Task description:
From the entries below, say how many lines carry the word "finite", and give nothing but the number.

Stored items
*****

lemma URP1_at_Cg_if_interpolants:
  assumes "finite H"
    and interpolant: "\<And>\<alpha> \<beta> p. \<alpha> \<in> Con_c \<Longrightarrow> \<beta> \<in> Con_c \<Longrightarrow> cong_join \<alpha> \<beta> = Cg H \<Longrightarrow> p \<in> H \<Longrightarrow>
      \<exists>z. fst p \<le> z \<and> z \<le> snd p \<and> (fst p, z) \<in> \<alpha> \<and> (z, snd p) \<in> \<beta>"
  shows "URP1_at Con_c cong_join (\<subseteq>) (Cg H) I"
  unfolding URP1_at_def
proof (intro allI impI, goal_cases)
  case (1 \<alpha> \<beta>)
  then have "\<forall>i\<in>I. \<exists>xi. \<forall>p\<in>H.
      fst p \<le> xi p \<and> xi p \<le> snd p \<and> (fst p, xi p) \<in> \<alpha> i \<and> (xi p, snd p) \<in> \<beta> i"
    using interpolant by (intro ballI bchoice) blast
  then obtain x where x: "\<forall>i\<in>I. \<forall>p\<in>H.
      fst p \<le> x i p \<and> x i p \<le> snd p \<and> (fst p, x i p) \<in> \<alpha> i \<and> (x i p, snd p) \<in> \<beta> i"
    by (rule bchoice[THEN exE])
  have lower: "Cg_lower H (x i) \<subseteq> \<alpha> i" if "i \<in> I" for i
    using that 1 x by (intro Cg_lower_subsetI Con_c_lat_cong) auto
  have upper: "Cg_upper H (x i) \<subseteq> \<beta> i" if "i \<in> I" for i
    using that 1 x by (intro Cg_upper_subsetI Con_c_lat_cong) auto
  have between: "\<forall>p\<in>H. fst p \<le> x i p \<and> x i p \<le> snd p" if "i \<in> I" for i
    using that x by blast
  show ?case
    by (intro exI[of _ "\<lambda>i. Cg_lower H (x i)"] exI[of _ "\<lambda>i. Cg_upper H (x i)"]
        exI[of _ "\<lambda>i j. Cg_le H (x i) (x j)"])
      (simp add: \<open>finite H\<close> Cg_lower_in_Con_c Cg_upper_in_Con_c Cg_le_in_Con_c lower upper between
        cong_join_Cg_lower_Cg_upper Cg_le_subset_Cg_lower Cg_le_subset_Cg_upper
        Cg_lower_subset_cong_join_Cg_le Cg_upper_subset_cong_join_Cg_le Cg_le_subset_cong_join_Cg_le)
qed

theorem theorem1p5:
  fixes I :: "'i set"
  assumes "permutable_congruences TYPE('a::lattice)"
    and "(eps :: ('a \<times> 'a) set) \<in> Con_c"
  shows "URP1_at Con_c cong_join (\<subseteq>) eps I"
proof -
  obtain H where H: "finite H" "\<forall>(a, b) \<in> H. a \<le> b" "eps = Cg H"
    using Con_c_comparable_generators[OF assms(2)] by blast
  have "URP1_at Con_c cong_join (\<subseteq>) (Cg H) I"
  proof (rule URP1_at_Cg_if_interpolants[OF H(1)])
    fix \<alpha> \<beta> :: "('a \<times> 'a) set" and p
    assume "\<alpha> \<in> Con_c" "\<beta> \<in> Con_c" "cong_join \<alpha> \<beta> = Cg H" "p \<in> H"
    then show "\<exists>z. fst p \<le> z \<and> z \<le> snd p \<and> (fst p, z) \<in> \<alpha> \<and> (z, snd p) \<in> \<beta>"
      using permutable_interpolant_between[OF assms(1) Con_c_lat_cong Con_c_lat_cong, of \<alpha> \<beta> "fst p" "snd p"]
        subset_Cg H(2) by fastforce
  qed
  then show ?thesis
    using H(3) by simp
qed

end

*****

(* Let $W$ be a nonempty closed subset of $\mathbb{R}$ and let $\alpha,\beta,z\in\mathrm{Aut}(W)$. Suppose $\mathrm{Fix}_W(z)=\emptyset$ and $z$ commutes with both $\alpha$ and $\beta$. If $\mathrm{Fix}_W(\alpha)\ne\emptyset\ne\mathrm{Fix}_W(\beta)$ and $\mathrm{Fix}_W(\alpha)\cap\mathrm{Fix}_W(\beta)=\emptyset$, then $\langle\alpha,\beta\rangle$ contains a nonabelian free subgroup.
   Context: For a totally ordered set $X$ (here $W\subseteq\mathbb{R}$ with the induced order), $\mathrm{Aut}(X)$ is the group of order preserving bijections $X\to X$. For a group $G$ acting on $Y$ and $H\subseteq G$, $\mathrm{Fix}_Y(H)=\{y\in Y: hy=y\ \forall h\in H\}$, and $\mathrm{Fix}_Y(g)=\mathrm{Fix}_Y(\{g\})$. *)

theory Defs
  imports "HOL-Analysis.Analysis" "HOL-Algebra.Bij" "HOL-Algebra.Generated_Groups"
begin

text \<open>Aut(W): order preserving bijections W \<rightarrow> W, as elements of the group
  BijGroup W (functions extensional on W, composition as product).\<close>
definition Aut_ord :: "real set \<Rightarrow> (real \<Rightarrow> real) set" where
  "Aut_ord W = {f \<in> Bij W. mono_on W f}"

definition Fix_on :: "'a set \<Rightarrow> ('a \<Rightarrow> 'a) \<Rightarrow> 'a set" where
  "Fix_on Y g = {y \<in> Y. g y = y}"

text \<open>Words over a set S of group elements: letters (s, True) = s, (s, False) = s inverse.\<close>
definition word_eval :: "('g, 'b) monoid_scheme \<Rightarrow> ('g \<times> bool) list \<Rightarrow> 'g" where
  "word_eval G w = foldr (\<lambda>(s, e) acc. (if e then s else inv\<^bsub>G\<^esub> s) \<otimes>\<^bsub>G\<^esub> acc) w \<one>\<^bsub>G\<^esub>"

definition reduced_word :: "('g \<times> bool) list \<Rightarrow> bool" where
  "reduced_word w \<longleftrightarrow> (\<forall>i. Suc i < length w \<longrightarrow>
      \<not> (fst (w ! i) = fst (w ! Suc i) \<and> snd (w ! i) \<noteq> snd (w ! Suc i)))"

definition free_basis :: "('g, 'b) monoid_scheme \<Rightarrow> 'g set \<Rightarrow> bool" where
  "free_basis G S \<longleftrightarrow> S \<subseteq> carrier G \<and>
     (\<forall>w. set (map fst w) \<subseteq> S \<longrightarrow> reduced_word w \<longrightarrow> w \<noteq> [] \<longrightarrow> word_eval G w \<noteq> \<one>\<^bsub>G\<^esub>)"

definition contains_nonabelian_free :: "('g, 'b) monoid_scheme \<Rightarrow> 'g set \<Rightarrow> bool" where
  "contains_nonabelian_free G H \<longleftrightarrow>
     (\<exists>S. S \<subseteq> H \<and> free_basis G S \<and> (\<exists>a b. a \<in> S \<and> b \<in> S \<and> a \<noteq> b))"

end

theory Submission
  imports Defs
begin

*****

Completed task:
3